Example 1: Simulated binomial data

For an initial example, I simulated 100 data from a binomial distribution \(\text{{Bin}}(10,0.25)\) and fitted a db distribution to that. I set \(\zeta=\)TRUE and \(n_{\text{{top}}}= 10\) (the “conceptual” upper bound). A plot of the resulting fit is shown in Figure 7. The fit is consistent with the other possible values of the probabilities of the various counts.

graphic without alt text
Figure 7: Fit of a db distribution to a sample from a \(\text{{Bin}}(10,0.25)\) distribution. Also shown are the observed proportions, the true binomial probabilities, and the fitted binomial probabilities.

Example 2: The Downloads data

The Downloads data from Weiß (2018) consist of a time series (of length 267) of the observed daily number of downloads of a TeX editor for the period from June 2006 to February 2007. These data are available as Downloads in the CRAN package hmm.discnp.
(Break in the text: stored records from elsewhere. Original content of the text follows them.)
(* Let $A,B$ be Pareto sets of size $n$ each and let $k$ be the size of their Pareto sum. The Successive Sweep Search algorithm computes the Pareto sum of $A$ and $B$ in $\mathcal{O}(n\log n+nk)$ time using $\mathcal{O}(n+k)$ space.
   Context: For $p,p'\in\mathbb{R}^2$, $p$ dominates $p'$ if $p\neq p'$, $p.x\le p'.x$ and $p.y\le p'.y$. A Pareto set is a set $S\subset\mathbb{R}^2$ in which no point dominates another. The Successive Sweep Search algorithm first sorts $A$ and $B$ lexicographically ($S_i$ = element of rank $i$) and uses the Minkowski matrix $M_{ij}=A_i+B_j$ (computed on demand). The Pareto sum $C$ is the set of entries of $M$ not dominated by any entry of $M$. Starting with $C=\{M_{11},M_{nn}\}$ and search range $[x_{\min},x_{\max})\times[y_{\min},y_{\max})$ with $x_{\min}=M_{11}.x$, $x_{\max}=M_{nn}.x$, $y_{\min}=M_{nn}.y$, $y_{\max}=M_{11}.y$, it repeatedly finds the lexicographically smallest entry $m$ of $M$ in the current range; if none exists it stops, otherwise it adds $m$ to $C$ and sets $x_{\min}=m.x$, $y_{\max}=m.y$. The range minimum is found by a single left-to-right sweep: keep a row index $i$, starting at $i=n$ in column $1$; in each column $j$, move upward as long as $i\ge2$ and $M_{i-1,j}$ satisfies $x\ge x_{\min}$ and $y<y_{\max}$; if $M_{ij}$ lies in the range and is lexicographically smaller than the current candidate, it becomes the candidate; then move to column $j+1$ with the same $i$; after the last column the candidate is returned. *)

theory Defs
  imports Complex_Main "HOL-Library.Product_Lexorder"
begin

type_synonym point = "real \<times> real"

text \<open>The product type carries the lexicographic order (HOL-Library.Product_Lexorder),
  so p < q on points is the lexicographic order used by the paper.\<close>

definition padd :: "point \<Rightarrow> point \<Rightarrow> point" where
  "padd p q = (fst p + fst q, snd p + snd q)"

definition dominates :: "point \<Rightarrow> point \<Rightarrow> bool" where
  "dominates p q \<longleftrightarrow> p \<noteq> q \<and> fst p \<le> fst q \<and> snd p \<le> snd q"

definition is_pareto :: "point set \<Rightarrow> bool" where
  "is_pareto S \<longleftrightarrow> (\<forall>p\<in>S. \<forall>q\<in>S. \<not> dominates p q)"

definition minkowski_sum :: "point set \<Rightarrow> point set \<Rightarrow> point set" where
  "minkowski_sum A B = {padd a b | a b. a \<in> A \<and> b \<in> B}"

definition pareto_sum :: "point set \<Rightarrow> point set \<Rightarrow> point set" where
  "pareto_sum A B = {c \<in> minkowski_sum A B. \<not> (\<exists>d\<in>minkowski_sum A B. dominates d c)}"

text \<open>Each function returns its result together with a step count (time);
  msort_space gives the peak number of stored list cells during merge sort.\<close>

fun merge_c :: "point list \<Rightarrow> point list \<Rightarrow> point list \<times> nat" where
  "merge_c [] ys = (ys, length ys + 1)"
| "merge_c xs [] = (xs, length xs + 1)"
| "merge_c (x # xs) (y # ys) =
     (if x \<le> y then (let (zs, c) = merge_c xs (y # ys) in (x # zs, c + 1))
      else (let (zs, c) = merge_c (x # xs) ys in (y # zs, c + 1)))"

fun msort_c :: "point list \<Rightarrow> point list \<times> nat" where
  "msort_c xs =
     (if length xs \<le> 1 then (xs, 1)
      else (let (l, c1) = msort_c (take (length xs div 2) xs);
                (r, c2) = msort_c (drop (length xs div 2) xs);
                (m, c3) = merge_c l r
            in (m, c1 + c2 + c3 + length xs)))"

fun msort_space :: "point list \<Rightarrow> nat" where
  "msort_space xs =
     (if length xs \<le> 1 then 1
      else max (length xs + max (msort_space (take (length xs div 2) xs))
                                (msort_space (drop (length xs div 2) xs)))
               (3 * length xs))"

section \<open>Successive Sweep Search (0-based indices)\<close>

definition in_range :: "real \<Rightarrow> real \<Rightarrow> real \<Rightarrow> real \<Rightarrow> point \<Rightarrow> bool" where
  "in_range xmin xmax ymin ymax p \<longleftrightarrow>
     xmin \<le> fst p \<and> fst p < xmax \<and> ymin \<le> snd p \<and> snd p < ymax"

fun climb :: "(nat \<Rightarrow> nat \<Rightarrow> point) \<Rightarrow> nat \<Rightarrow> real \<Rightarrow> real \<Rightarrow> nat \<Rightarrow> nat \<times> nat" where
  "climb M j xmin ymax 0 = (0, 0)"
| "climb M j xmin ymax (Suc i) =
     (if xmin \<le> fst (M i j) \<and> snd (M i j) < ymax
      then (let (i', c) = climb M j xmin ymax i in (i', c + 1))
      else (Suc i, 0))"

fun sweep :: "(nat \<Rightarrow> nat \<Rightarrow> point) \<Rightarrow> real \<Rightarrow> real \<Rightarrow> real \<Rightarrow> real \<Rightarrow> nat list
              \<Rightarrow> nat \<Rightarrow> point option \<Rightarrow> point option \<times> nat" where
  "sweep M xmin xmax ymin ymax [] i cand = (cand, 1)"
| "sweep M xmin xmax ymin ymax (j # js) i cand =
     (let (i', c1) = climb M j xmin ymax i;
          p = M i' j;
          cand' = (if in_range xmin xmax ymin ymax p \<and>
                      (case cand of None \<Rightarrow> True | Some q \<Rightarrow> p < q)
                   then Some p else cand);
          (r, c2) = sweep M xmin xmax ymin ymax js i' cand'
      in (r, c1 + c2 + 1))"
lemma coupled_comparison_strict:
  assumes "0 < \<epsilon>" and "\<kappa> \<in> E" and "t \<in> {0..T}"
  shows "norm (d \<kappa> t) < \<phi> t + \<epsilon> * exp ((a + c) * t)"
proof (rule ccontr)
  \<comment> \<open>a strict supersolution: psi' = a psi + c (w + eps exp((a + c) t)) and psi(0) = eps > |d(0)|\<close>
  define \<psi> where "\<psi> t = \<phi> t + \<epsilon> * exp ((a + c) * t)" for t
  have d_cont: "continuous_on {0..T} (d \<nu>)" if "\<nu> \<in> E" for \<nu>
    using d_deriv that by (intro continuous_on_vector_derivative)
  have \<psi>_cont: "continuous_on {0..T} \<psi>"
    unfolding \<psi>_def by (intro continuous_intros \<phi>_cont)
  assume "\<not> norm (d \<kappa> t) < \<phi> t + \<epsilon> * exp ((a + c) * t)"
  then have "\<psi> t \<le> norm (d \<kappa> t)" unfolding \<psi>_def by simp
  then obtain \<tau> \<kappa>' where \<tau>: "\<tau> \<in> {0..T}" and \<kappa>': "\<kappa>' \<in> E" "\<psi> \<tau> \<le> norm (d \<kappa>' \<tau>)"
    and below: "\<And>s \<nu>. s \<in> {0..<\<tau>} \<Longrightarrow> \<nu> \<in> E \<Longrightarrow> norm (d \<nu> s) < \<psi> s"
    using first_crossing[where u = "\<lambda>\<nu> s. norm (d \<nu> s)", OF finite \<psi>_cont _ assms(2,3)]
      d_cont continuous_on_norm by blast
  have "\<tau> \<noteq> 0"
    using \<kappa>' d_init \<open>0 < \<epsilon>\<close> by (auto simp: \<psi>_def \<phi>_init)
  then have "0 < \<tau>" using \<tau> by simp
  have "norm (d \<kappa>' \<tau> - d \<kappa>' 0) \<le> \<psi> \<tau> - \<psi> 0"
  proof (rule differentiable_bound_general[OF \<open>0 < \<tau>\<close>])
    show "continuous_on {0..\<tau>} (d \<kappa>')" "continuous_on {0..\<tau>} \<psi>"
      using \<tau> by (auto intro: continuous_on_subset[OF d_cont[OF \<kappa>'(1)]] continuous_on_subset[OF \<psi>_cont])
    fix s assume s: "0 < s" "s < \<tau>"
    have "at s within {0..T} = at s"
      by (rule at_within_interior) (use s \<tau> in auto)
    then show "(d \<kappa>' has_vector_derivative g \<kappa>' s) (at s)"
      using d_deriv[OF \<kappa>'(1), of s] s \<tau> by simp
    show "(\<psi> has_vector_derivative
            (a * \<phi> s + c * w s + \<epsilon> * ((a + c) * exp ((a + c) * s)))) (at s)"
      unfolding \<psi>_def has_real_derivative_iff_has_vector_derivative[symmetric]
      using \<phi>_deriv[of s] s \<tau> by (auto intro!: derivative_eq_intros)
    define B where "B = w s + \<epsilon> * exp ((a + c) * s)"
    have "\<forall>\<nu>\<in>E. norm (d \<nu> s) \<le> B"
      using below[of s] \<phi>_le[of s] s \<tau> by (fastforce simp: \<psi>_def B_def)
    moreover have "w s \<le> B"
      using \<open>0 < \<epsilon>\<close> by (simp add: B_def)
    ultimately have "norm (g \<kappa>' s) \<le> a * norm (d \<kappa>' s) + c * B"
      using growth[OF \<kappa>'(1)] s \<tau> by simp
    also have "\<dots> \<le> a * \<psi> s + c * B"
      using below[of s \<kappa>'] \<kappa>'(1) s a_nonneg by (intro add_right_mono mult_left_mono) auto
    also have "\<dots> = a * \<phi> s + c * w s + \<epsilon> * ((a + c) * exp ((a + c) * s))"
      by (simp add: \<psi>_def B_def algebra_simps)
    finally show "norm (g \<kappa>' s) \<le> a * \<phi> s + c * w s + \<epsilon> * ((a + c) * exp ((a + c) * s))" .
  qed
  then show False
    using \<kappa>' d_init[OF \<kappa>'(1)] \<open>0 < \<epsilon>\<close> by (simp add: \<psi>_def \<phi>_init)
qed
(* Let $A_n(x) = x^n + a_1 x^{n-1} + \dots + a_n$ be a (complex) polynomial whose distinct roots $x_1, \dots, x_m$ have known multiplicities $\alpha_1, \dots, \alpha_m$ (positive integers with $\alpha_1 + \dots + \alpha_m = n$). Given initial approximations $x_1^{[0]}, \dots, x_m^{[0]}$, define iterates for $k = 0,1,2,\dots$ and $i = 1,\dots,m$ by $$x_i^{[k+1]} = x_i^{[k]} - \alpha_i \left[ S_i^{[k]}(x_i^{[k]}) + \sum_{j=1, j\neq i}^{m} \alpha_j \,(x_j^{[k]} - x_i^{[k]})^{-2}\, A_n(x_j^{[k]}) \left[ \frac{S_j^{[k]}(x_j^{[k]})}{\alpha_j}\right]^{\alpha_j - 1} \Big/ Q_j^{[k]}(x_j^{[k]}) \right]^{-1},$$ where for $p = 1,\dots,m$, $$Q_p^{[k]}(x) = \prod_{l=1, l\neq p}^{m} (x - x_l^{[k]})^{\alpha_l}, \qquad S_p^{[k]}(x) = \frac{A_n'(x)}{A_n(x)} - \frac{Q_p^{[k]\prime}(x)}{Q_p^{[k]}(x)}.$$ Let $d = \min_{i\neq j} |x_i - x_j|$, and let $c, q$ be real positive constants such that $q < 1$, $d - 2c > 0$, and $$2c^2 n (d-2c)^{-2}\Big[ c(d-2c)^{-1} + \big(1 + c(d-2c)^{-1}\big)\,[N + MN + M] \Big] < \alpha_i \quad \text{for all } i = 1,\dots,m,$$ where $M = \big(1 + c/(d-2c)\big)^n - 1$ and $N = \big(1 + n\,(c/(d-2c))^2\big)^{n-1} - 1$. Suppose the initial approximations satisfy $|x_i^{[0]} - x_i| < cq$ for $i = 1,\dots,m$. Then for every natural number $k$, $$|x_i^{[k]} - x_i| < c\, q^{4^k}, \qquad i = 1,\dots,m.$$
   Context: The iteration is understood in the sense that all quantities appearing in the formula are defined (the relevant denominators are nonzero). $Q_p^{[k]\prime}$ denotes the derivative of $Q_p^{[k]}$ with respect to $x$, and $A_n'$ the derivative of $A_n$. *)

theory Defs
  imports Complex_Main "HOL-Computational_Algebra.Polynomial"
begin

text \<open>Indices of roots and approximations run over {..<m} (i.e. 0,...,m-1 instead of 1,...,m).
  An approximation vector is a function xk :: nat => complex.\<close>

definition Qpoly :: "nat \<Rightarrow> (nat \<Rightarrow> nat) \<Rightarrow> nat \<Rightarrow> (nat \<Rightarrow> complex) \<Rightarrow> complex poly" where
  "Qpoly m alpha p xk = (\<Prod>l\<in>{..<m} - {p}. [:- xk l, 1:] ^ alpha l)"

definition Sfun :: "complex poly \<Rightarrow> nat \<Rightarrow> (nat \<Rightarrow> nat) \<Rightarrow> nat \<Rightarrow> (nat \<Rightarrow> complex) \<Rightarrow> complex \<Rightarrow> complex" where
  "Sfun A m alpha p xk x =
     poly (pderiv A) x / poly A x
     - poly (pderiv (Qpoly m alpha p xk)) x / poly (Qpoly m alpha p xk) x"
They can also be obtained from the Wiley website https://www.wiley.com/en-gb/An+Introduction+to+Discrete+Valued+Time+Series-p-9781119096962, by clicking on “Downloads” and then on the “Download” button next to “Datasets”. This will provide a zip archive of all of the data sets from Weiß’s book.

Prima facie, it might seem plausible that these data are Poisson-distributed, but they are, in fact, much too overdispersed to be Poisson; the sample mean is 2.401, whereas the sample variance is 7.506. Weiß finds that an INAR(1) (integer-valued autoregressive, \(p=1\)) model provides a good fit. In fitting a db distribution to these data, I took \(\zeta=\) TRUE (zero counts are observed) and \(ntop=15\) (\(1+\) the observed maximum of the data, which is 14). This db fit yields a mean of 2.451 and a variance of 7.461. A plot of this fit is shown in Figure 8. Of course, simply fitting a db distribution is not really appropriate since this treats the data as being i.i.d., and as Weiß’s analysis shows, there is strong evidence of serial dependence in these data. Moreover, a goodness of fit test yields a \(p\)-value of 0.03 (see the help for gof() in the dbd package). One would thereby reject the hypothesis that the fit of the db distribution is adequate at the 0.05 significance level.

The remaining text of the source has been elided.